The limitations of this systematic review stem from the limitations of the included studies: particularly the inadequate study design (e.g., lack of double-blinding or explicit randomization) and lack of use of simple non-opioid analgesics when comparing more invasive techniques and a failure to evaluate all the potentially relevant analgesic agents and techniques for radical prostatectomy (especially infiltration techniques).

Thus, this review has identified several areas for future research when current data are insufficient or conflicting. There is a need for clinical trials evaluating multimodal analgesia techniques that would include combinations of paracetamol and NSAID/COX-2 selective inhibitor, and regional anesthetic techniques, with oral opioids administered only as rescue postoperatively. Future studies also need to evaluate the benefit to risk of continuous local anesthetic wound infusion and TAP blocks combined with multimodal analgesia. Also, large randomized clinical trials are necessary to assess the efficacy as well as optimal dose and duration of lidocaine intravenous infusion, ketamine and gabapentinoids. A study published after the deadline reported that a single preoperative dose (900 mg) of gabapentin reduced pain scores but not opioid requirements [61].

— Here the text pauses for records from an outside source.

text \<open>Density matrices: Hermitian, positive semidefinite, trace one.
  A state rho corresponds to its density matrix D via rho(X) = trace (D ** X).\<close>
definition density_matrix :: "complex^'m^'m \<Rightarrow> bool" where
  "density_matrix D \<longleftrightarrow>
     (\<forall>i j. D $ j $ i = cnj (D $ i $ j)) \<and>
     (\<forall>x::complex^'m. 0 \<le> Re (\<Sum>i\<in>UNIV. \<Sum>j\<in>UNIV. cnj (x $ i) * D $ i $ j * x $ j)) \<and>
     trace D = 1"

definition Gamma :: "(complex^('n::finite\<times>'n)^('n\<times>'n)) set" where
  "Gamma = {D. density_matrix D \<and>
     (\<forall>A::complex^'n^'n. trace (D ** kron A (mat 1)) = ntr A) \<and>
     (\<forall>B::complex^'n^'n. trace (D ** kron (mat 1) B) = ntr B)}"

end

theory Submission
  imports Defs
begin

text \<open>
  States are handled through their density matrices, and the marginal conditions say
  exactly that both partial traces equal (1/n) I (lemma Gamma_iff).  Two general
  criteria for extremality are then proved:
  (1) if a nonzero Hermitian H with vanishing partial traces satisfies
      |<x, H x>| <= C <x, D x>, then D +- c H stay in Gamma, so D is not extreme;
  (2) if every Hermitian H that kills a set of kernel vectors of D and has vanishing
      partial traces is zero, then D is extreme.
  Upper bound: if D has r independent rows, the matrices H = D K D with K Hermitian of
  size r (a real space of dimension r^2) satisfy the estimate of (1); when r^2 > 2 n^2,
  the 2 n^2 real partial-trace conditions must have a nonzero common solution, so D is
  not extreme.  For n = 3 and r = 5 this gives rank <= 4.
  Lower bound: an explicit matrix Dex in Gamma(3) with four independent rows satisfies
  the hypothesis of (2), which reduces to a small homogeneous linear system.
\<close>

definition sesq :: "complex^'m^'m \<Rightarrow> complex^'m \<Rightarrow> complex^'m \<Rightarrow> complex" where
  "sesq D x y = (\<Sum>i\<in>UNIV. \<Sum>j\<in>UNIV. cnj (x$i) * D$i$j * y$j)"

definition hermitian :: "complex^'m^'m \<Rightarrow> bool" where
  "hermitian D \<longleftrightarrow> (\<forall>i j. D $ j $ i = cnj (D $ i $ j))"

lemma hermitian_cnj: "hermitian D \<Longrightarrow> cnj (D$i$j) = D$j$i"
  unfolding hermitian_def by metis

lemma density_matrix_iff:
  "density_matrix D \<longleftrightarrow> hermitian D \<and> (\<forall>x. 0 \<le> Re (sesq D x x)) \<and> trace D = 1"
  by (simp add: density_matrix_def hermitian_def sesq_def)

lemma scaleR_complex: "(r::real) *\<^sub>R (z::complex) = of_real r * z"
  by (simp add: scaleR_conv_of_real)

lemma sesq_add_left: "sesq D (x + y) z = sesq D x z + sesq D y z"
  and sesq_add_right: "sesq D z (x + y) = sesq D z x + sesq D z y"
  and sesq_scale_left: "sesq D (c *s x) z = cnj c * sesq D x z"
  and sesq_scale_right: "sesq D z (c *s x) = c * sesq D z x"
  and sesq_add_matrix: "sesq (D + H) x y = sesq D x y + sesq H x y"
  and sesq_scale_matrix: "sesq (r *\<^sub>R H) x y = of_real r * sesq H x y"
  by (simp_all add: sesq_def algebra_simps sum.distrib sum_distrib_left scaleR_complex)

lemma sesq_swap: assumes "hermitian D" shows "sesq D y x = cnj (sesq D x y)"
proof -
  have "sesq D y x = (\<Sum>j\<in>UNIV. \<Sum>i\<in>UNIV. cnj (y$j) * D$j$i * x$i)" by (simp add: sesq_def)
  also have "\<dots> = (\<Sum>i\<in>UNIV. \<Sum>j\<in>UNIV. cnj (y$j) * D$j$i * x$i)" by (rule sum.swap)
  also have "\<dots> = cnj (sesq D x y)" using assms
    by (simp add: sesq_def hermitian_cnj mult.commute mult.left_commute)
  finally show ?thesis .
qed

lemma sesq_mult_vector: "sesq D x y = (\<Sum>i\<in>UNIV. cnj (x$i) * (D *v y)$i)"
  by (simp add: sesq_def matrix_vector_mult_def sum_distrib_left mult.assoc)

lemma sesq_axis_left: "sesq D (axis i 1) x = (D *v x) $ i"
proof -
  have "cnj (axis i 1 $ k) * (D *v x)$k = (if k = i then (D *v x)$k else 0)" for k
    by (simp add: axis_def)
  thus ?thesis by (simp add: sesq_mult_vector)
qed

lemma mult_axis: "((D::complex^'m::finite^'m) *v axis j 1) $ i = D$i$j"
  unfolding matrix_vector_mult_def by (simp add: axis_def if_distrib cong: if_cong)

lemma nonneg_quadratic_discriminant:
  fixes a b c :: real
  assumes "a \<ge> 0" "c \<ge> 0" "\<And>t. 0 \<le> a + 2*b*t + c*t^2"
  shows "b^2 \<le> a*c"
proof (cases "c > 0")
  case True
  have "0 \<le> a + 2*b*(-b/c) + c*(-b/c)^2" by (rule assms(3))
  also have "\<dots> = a - b^2/c" using True by (simp add: field_simps power2_eq_square)
  finally have "b^2/c \<le> a" by simp
  thus ?thesis using True by (simp add: divide_le_eq mult.commute)
next
  case False
  hence c0: "c = 0" using assms(2) by simp
  have "b = 0"
  proof (rule ccontr)
    assume "b \<noteq> 0"
    have "0 \<le> a + 2*b*(-(a+1)/(2*b)) + c*(-(a+1)/(2*b))^2" by (rule assms(3))
    also have "\<dots> = -1" using \<open>b\<noteq>0\<close> c0 by (simp add: field_simps)
    finally show False by simp
  qed
  thus ?thesis using assms by simp
qed

lemma cauchy_schwarz_sesq:
  assumes h: "hermitian D" and psd: "\<And>x. 0 \<le> Re (sesq D x x)"
  shows "(cmod (sesq D x y))^2 \<le> Re (sesq D x x) * Re (sesq D y y)"
proof (cases "sesq D x y = 0")
  case True thus ?thesis using psd by simp
next
  case False
  define s where "s = sesq D x y"
  define c where "c = cnj s / of_real (cmod s)"
  have sn: "cmod s > 0" using False s_def by simp
  have ss: "s * cnj s = of_real (cmod s) * of_real (cmod s)"
    using complex_norm_square[of s] by (simp add: power2_eq_square)
  have cs: "c * s = of_real (cmod s)"
    using sn ss by (simp add: c_def field_simps)
  have cc: "cnj c * c = 1"
    using sn ss by (simp add: c_def field_simps)
  have "0 \<le> Re (sesq D x x) + 2 * cmod s * t + Re (sesq D y y) * t^2" for t :: real
  proof -
    define z where "z = (of_real t * c) *s y"
    have "0 \<le> Re (sesq D (x + z) (x + z))" by (rule psd)
    also have "sesq D (x + z) (x + z) = sesq D x x + sesq D x z + cnj (sesq D x z) + sesq D z z"
      by (simp add: sesq_add_left sesq_add_right sesq_swap[OF h, of z x])
    also have "sesq D x z = of_real t * of_real (cmod s)"
      by (simp add: z_def sesq_scale_right s_def[symmetric] cs[symmetric] mult.assoc)
    also have "sesq D z z = of_real (t^2) * sesq D y y"
      using cc by (simp add: z_def sesq_scale_right sesq_scale_left power2_eq_square algebra_simps)
    finally show ?thesis by (simp add: algebra_simps)
  qed
  from nonneg_quadratic_discriminant[OF psd psd this] show ?thesis by (simp add: s_def)
qed

lemma psd_null_vector_in_kernel:
  assumes h: "hermitian D" and psd: "\<And>x. 0 \<le> Re (sesq D x x)" and z: "Re (sesq D x x) = 0"
  shows "D *v x = 0"
proof -
  have "(D *v x) $ j = 0" for j
  proof -
    have "(cmod (sesq D (axis j 1) x))^2 \<le> 0"
      using cauchy_schwarz_sesq[OF h psd, of "axis j 1" x] z by simp
    thus ?thesis by (simp add: sesq_axis_left)
  qed
  thus ?thesis by (simp add: vec_eq_iff)
qed

lemma hermitian_left_kernel:
  assumes "hermitian H" "H *v v = 0"
  shows "(\<Sum>p\<in>UNIV. cnj (v$p) * H$p$q) = 0"
proof -
  have "(\<Sum>p\<in>UNIV. cnj (v$p) * H$p$q) = cnj ((H *v v) $ q)"
    by (simp add: matrix_vector_mult_def hermitian_cnj[OF assms(1)] mult.commute)
  thus ?thesis using assms(2) by simp
qed

subsection \<open>Partial traces and the marginal conditions\<close>

definition ptr1 :: "complex^('n\<times>'n)^('n\<times>'n) \<Rightarrow> complex^'n^'n" where
  "ptr1 H = (\<chi> a b. \<Sum>k\<in>UNIV. H$(a,k)$(b,k))"
definition ptr2 :: "complex^('n\<times>'n)^('n\<times>'n) \<Rightarrow> complex^'n^'n" where
  "ptr2 H = (\<chi> a b. \<Sum>k\<in>UNIV. H$(k,a)$(k,b))"

lemma ptr1_add: "ptr1 (H + K) = ptr1 H + ptr1 K"
  and ptr1_diff: "ptr1 (H - K) = ptr1 H - ptr1 K"
  and ptr1_scale: "ptr1 (r *\<^sub>R H) = r *\<^sub>R ptr1 H"
  and ptr2_add: "ptr2 (H + K) = ptr2 H + ptr2 K"
  and ptr2_diff: "ptr2 (H - K) = ptr2 H - ptr2 K"
  and ptr2_scale: "ptr2 (r *\<^sub>R H) = r *\<^sub>R ptr2 H"
  by (simp_all add: vec_eq_iff ptr1_def ptr2_def sum.distrib sum_subtractf scaleR_complex
      sum_distrib_left)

Future trials should include multimodal enhanced rehabilitation protocols (fast track or enhanced recovery programs) as an integral part of the study design [62]. This will allow us to differentiate the effects of the analgesic interventions on perioperative outcome from those of the enhanced recovery programs that are becoming the standard of care. Also, there is a need for more procedure-specific studies comparing pain and analgesic requirements between open and minimal access (laparoscopic and robotic) surgical procedures.

Conclusions

This systematic review reveals that there is a lack of evidence to develop an optimal pain management protocol in patients undergoing radical prostatectomy. Most studies assessed unimodal analgesic approaches rather than a multimodal technique. There is a need for more procedure-specific studies comparing pain and analgesic requirements for open and minimally invasive surgical procedures. Finally, while we wait for appropriate procedure specific evidence from publication of adequate studies assessing optimal pain management after radical prostatectomy, we propose a basic analgesic guideline.